Девушка поддакивает. Правильно, резонно, она склонялась к этому решению и теперь окончательно укрепляется в нем. После, не дав офицеру отойти от оконца, с места в карьер начинает рассказывать, как вчера была на примерке и напугала фурункулом (он на спине) швею. Швея роняла метр и даже заикалась.

Фурункул наверняка был выдуман, зато лейтенант расправил плечи, и что-то бодрое появилось в его походке.

Когда он выскочил из помещения, так и не убедив свердловчанку Наташу приехать сюда (она твердила, что жизнь у них не получится: слишком он не уравновешен), Лена тотчас вызвала Наташу к телефону и долго доказывала, что у товарища лейтенанта золотой характер и что нельзя не верить тем, кто в нас души не чает.

Лену прерывали, но она вскрикивала: «Девочки, тут судьба решается», — и ее не разъединили до тех пор, пока она не попросила сама.

Спрашивать, чем закончился разговор, я не стал. Определил это по глазам Лены. Они хмурились.

В коммутаторе щелкнуло, темный стеклянный ромб кабины озарился изнутри. Дали Москву. Пришлось кричать и напряженно ловить то, что кричали из Москвы.

Когда я закрывал дверь переговорного пункта, то услышал хрипловатый от волнения голос Лены:

— Позовите, пожалуйста, больного Карагодина, того, который упал с двадцати метров.

По мостовой, издавая бурлящий гул, приближались «ЯАЗы». Эх, черт побери, не вовремя они! Я распахнул дверь пошире. Машины проехали. Безмолвие. Неужели не захотели позвать парня? Нет, позвали. Из трубки донесся рокоток мужского голоса. Что это?

Лязгнул металл о металл. Ну да, так и есть: повесила трубку, коза. И стоит сейчас монтажник Даня на другом конце города полный смятения и недоумения, а в ухо ему бьются короткие гудки.

В воздухе летят хлопья мерцающего куржака. К полудню его, наверно, стряхнет со всех телефонных проводов России, и слышимость снова будет превосходная.

Я шагаю и думаю о куржаке в отношениях людей.

Куржак — это ведь часто ненадолго и редко гибельно, потому что на него есть ветер больших чувств и солнце прочной человеческой натуры.


1960 г.

ЧИБИС

Попутный грузовик, на котором приехал Манаков, вырвал из дороги клубы рыжеватой пыли.

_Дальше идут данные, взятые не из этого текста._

(* Let $p\ge 1$ be an integer, put $m:=2p+1$, and let $\theta:=e^{-\pi i/4}$. For $k=0,1,\dots,4p+1$ let $y_k:=-1+\frac{2k}{4p+1}$ and $\mu_k:=H(y_k)$, where $$H(y):=\int_{\mathbb{R}}\frac{e^{-2\pi x^2+2\pi\theta x y}}{\cosh(\pi\theta x)}\,dx=\frac{1}{\cos(\pi y)}\Big[\sqrt{2}\cos(\pi y/2)\,e^{-\frac{\pi i}{8}(4y^2+1)}-e^{-\frac{\pi i}{4}}\Big].$$ Let $L$ be the linear functional on the space of complex polynomials of degree at most $4p+1$ defined by $L[x^k]=\mu_k$ for $k=0,1,\dots,4p+1$. Let $P_{-1}\equiv 0$, $P_0\equiv 1$, and $P_{n+1}(x)=(x-a_n)P_n(x)-b_nP_{n-1}(x)$ for $n=0,1,\dots,m-1$, where $a_n=L[xP_n^2]/L[P_n^2]$ and $b_n=L[P_n^2]/L[P_{n-1}^2]$ (with $b_0$ arbitrary), and assume that $L[P_n^2]\neq 0$ for $0\le n\le m-1$, so that these monic polynomials are well defined; they satisfy $\deg P_n=n$ and $L[P_nQ]=0$ for every polynomial $Q$ of degree at most $n-1$, $1\le n\le m$. Then the polynomial $P_m$ satisfies $P_m(x)=-x^mP_m(1/x)$ for all $x\neq 0$.
   Context: $\cosh$ and $\cos$ are the usual complex hyperbolic cosine and cosine; note $y_k\neq\pm 1/2$ for all $k$, so $\mu_k$ is well defined. The polynomials $P_n$ are the monic orthogonal polynomials with respect to the (generally non-positive) functional $L$. *)

theory Defs
  imports "HOL-Analysis.Analysis" "HOL-Computational_Algebra.Polynomial"
begin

Солнце уже окунулось за горизонт, но воздух еще не потемнел, далее не принял свинцового тона. В нежной вечерней тишине он был на удивление прозрачен: каждый предмет точно вырезан и показан сквозь увеличительное стекло.

Манаков набросил на одно плечо рюкзак, на другое тульскую бескурковую двустволку и направился к деревне Клюквинке, что лежала неподалеку от большака в узкой ложбине.

Он любил это крошечное селеньице, окруженное гривами ракитников, березовыми колками и ртутными крапинами озер. Три года назад, бороздя округу охотничьими лыжами, подбитыми конской шкурой, он набрел на Клюквинку и с тех пор нередко бывал здесь. К нему привыкли, встречали, как своего человека — ласково и радушно.